## [Work required]
An exact transcript of all the records is the expected answer.

Collected data entries

(* Let $\varphi(\bm x,\bm y,\bm w,\bm z)$ be an existential LRA formula, where $\bm x,\bm y$ have the same length, and let $\bm v_1,\bm v_2,\bm w_1,\bm w_2$ be fresh tuples of variables of the same length as $\bm w$. Then over $\mathbb{R}$ the formulas $\exists^{\mathsf{ram}}\bm x,\bm y\colon \exists\bm w\colon \varphi(\bm x,\bm y,\bm w,\bm z)$ and $\exists^{\mathsf{ram}}(\bm x,\bm v_1,\bm v_2),(\bm y,\bm w_1,\bm w_2)\colon \varphi(\bm x,\bm y,\bm v_1+\bm w_2,\bm z)\wedge \bm x\neq\bm y$ are equivalent.
   Context: LRA is the first-order theory of $\langle\mathbb{R};+,<,0,1\rangle$ (rational constants allowed). Ramsey quantifier: $\exists^{\mathsf{ram}}\bm x,\bm y\colon \psi(\bm x,\bm y,\bm z)$ holds for a valuation $\bm c$ of $\bm z$ iff there is an infinite sequence $(\bm a_i)_{i\ge1}$ of pairwise distinct real vectors with $\psi(\bm a_i,\bm a_j,\bm c)$ for all $i<j$. *)

theory Defs
  imports Complex_Main
begin

text \<open>Linear terms over variables of type 'v, built from variables, rational
constants, addition and multiplication by rational scalars (the usual
presentation of the signature <R;+,<,0,1> with rational constants).\<close>

datatype 'v lterm = Var 'v | Const rat | Add "'v lterm" "'v lterm" | Scale rat "'v lterm"

primrec teval :: "('v \<Rightarrow> real) \<Rightarrow> 'v lterm \<Rightarrow> real" where
  "teval e (Var v) = e v"
| "teval e (Const c) = of_rat c"
| "teval e (Add s t) = teval e s + teval e t"
| "teval e (Scale c t) = of_rat c * teval e t"

primrec tvars :: "'v lterm \<Rightarrow> 'v set" where
  "tvars (Var v) = {v}"
| "tvars (Const c) = {}"
| "tvars (Add s t) = tvars s \<union> tvars t"
| "tvars (Scale c t) = tvars t"

datatype 'v qf = Less "'v lterm" "'v lterm" | Equal "'v lterm" "'v lterm"
  | Neg "'v qf" | Conj "'v qf" "'v qf" | Disj "'v qf" "'v qf"

primrec qeval :: "('v \<Rightarrow> real) \<Rightarrow> 'v qf \<Rightarrow> bool" where
  "qeval e (Less s t) = (teval e s < teval e t)"
| "qeval e (Equal s t) = (teval e s = teval e t)"
| "qeval e (Neg f) = (\<not> qeval e f)"
| "qeval e (Conj f g) = (qeval e f \<and> qeval e g)"
| "qeval e (Disj f g) = (qeval e f \<or> qeval e g)"

primrec qvars :: "'v qf \<Rightarrow> 'v set" where
  "qvars (Less s t) = tvars s \<union> tvars t"
| "qvars (Equal s t) = tvars s \<union> tvars t"
| "qvars (Neg f) = qvars f"
| "qvars (Conj f g) = qvars f \<union> qvars g"
| "qvars (Disj f g) = qvars f \<union> qvars g"

text \<open>An existential LRA formula with free variables of type 'v: a
quantifier-free matrix over variables 'v + nat, where the variables Inr k are
existentially quantified (a prenex block of existential quantifiers).\<close>

type_synonym 'v exfm = "('v + nat) qf"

## [Task answer]
(* Let $\varphi(\bm x,\bm y,\bm w,\bm z)$ be an existential LRA formula, where $\bm x,\bm y$ have the same length, and let $\bm v_1,\bm v_2,\bm w_1,\bm w_2$ be fresh tuples of variables of the same length as $\bm w$. Then over $\mathbb{R}$ the formulas $\exists^{\mathsf{ram}}\bm x,\bm y\colon \exists\bm w\colon \varphi(\bm x,\bm y,\bm w,\bm z)$ and $\exists^{\mathsf{ram}}(\bm x,\bm v_1,\bm v_2),(\bm y,\bm w_1,\bm w_2)\colon \varphi(\bm x,\bm y,\bm v_1+\bm w_2,\bm z)\wedge \bm x\neq\bm y$ are equivalent.
   Context: LRA is the first-order theory of $\langle\mathbb{R};+,<,0,1\rangle$ (rational constants allowed). Ramsey quantifier: $\exists^{\mathsf{ram}}\bm x,\bm y\colon \psi(\bm x,\bm y,\bm z)$ holds for a valuation $\bm c$ of $\bm z$ iff there is an infinite sequence $(\bm a_i)_{i\ge1}$ of pairwise distinct real vectors with $\psi(\bm a_i,\bm a_j,\bm c)$ for all $i<j$. *)

theory Defs
  imports Complex_Main
begin

text \<open>Linear terms over variables of type 'v, built from variables, rational
constants, addition and multiplication by rational scalars (the usual
presentation of the signature <R;+,<,0,1> with rational constants).\<close>

datatype 'v lterm = Var 'v | Const rat | Add "'v lterm" "'v lterm" | Scale rat "'v lterm"

primrec teval :: "('v \<Rightarrow> real) \<Rightarrow> 'v lterm \<Rightarrow> real" where
  "teval e (Var v) = e v"
| "teval e (Const c) = of_rat c"
| "teval e (Add s t) = teval e s + teval e t"
| "teval e (Scale c t) = of_rat c * teval e t"

primrec tvars :: "'v lterm \<Rightarrow> 'v set" where
  "tvars (Var v) = {v}"
| "tvars (Const c) = {}"
| "tvars (Add s t) = tvars s \<union> tvars t"
| "tvars (Scale c t) = tvars t"

datatype 'v qf = Less "'v lterm" "'v lterm" | Equal "'v lterm" "'v lterm"
  | Neg "'v qf" | Conj "'v qf" "'v qf" | Disj "'v qf" "'v qf"

primrec qeval :: "('v \<Rightarrow> real) \<Rightarrow> 'v qf \<Rightarrow> bool" where
  "qeval e (Less s t) = (teval e s < teval e t)"
| "qeval e (Equal s t) = (teval e s = teval e t)"
| "qeval e (Neg f) = (\<not> qeval e f)"
| "qeval e (Conj f g) = (qeval e f \<and> qeval e g)"
| "qeval e (Disj f g) = (qeval e f \<or> qeval e g)"

primrec qvars :: "'v qf \<Rightarrow> 'v set" where
  "qvars (Less s t) = tvars s \<union> tvars t"
| "qvars (Equal s t) = tvars s \<union> tvars t"
| "qvars (Neg f) = qvars f"
| "qvars (Conj f g) = qvars f \<union> qvars g"
| "qvars (Disj f g) = qvars f \<union> qvars g"

text \<open>An existential LRA formula with free variables of type 'v: a
quantifier-free matrix over variables 'v + nat, where the variables Inr k are
existentially quantified (a prenex block of existential quantifiers).\<close>

type_synonym 'v exfm = "('v + nat) qf"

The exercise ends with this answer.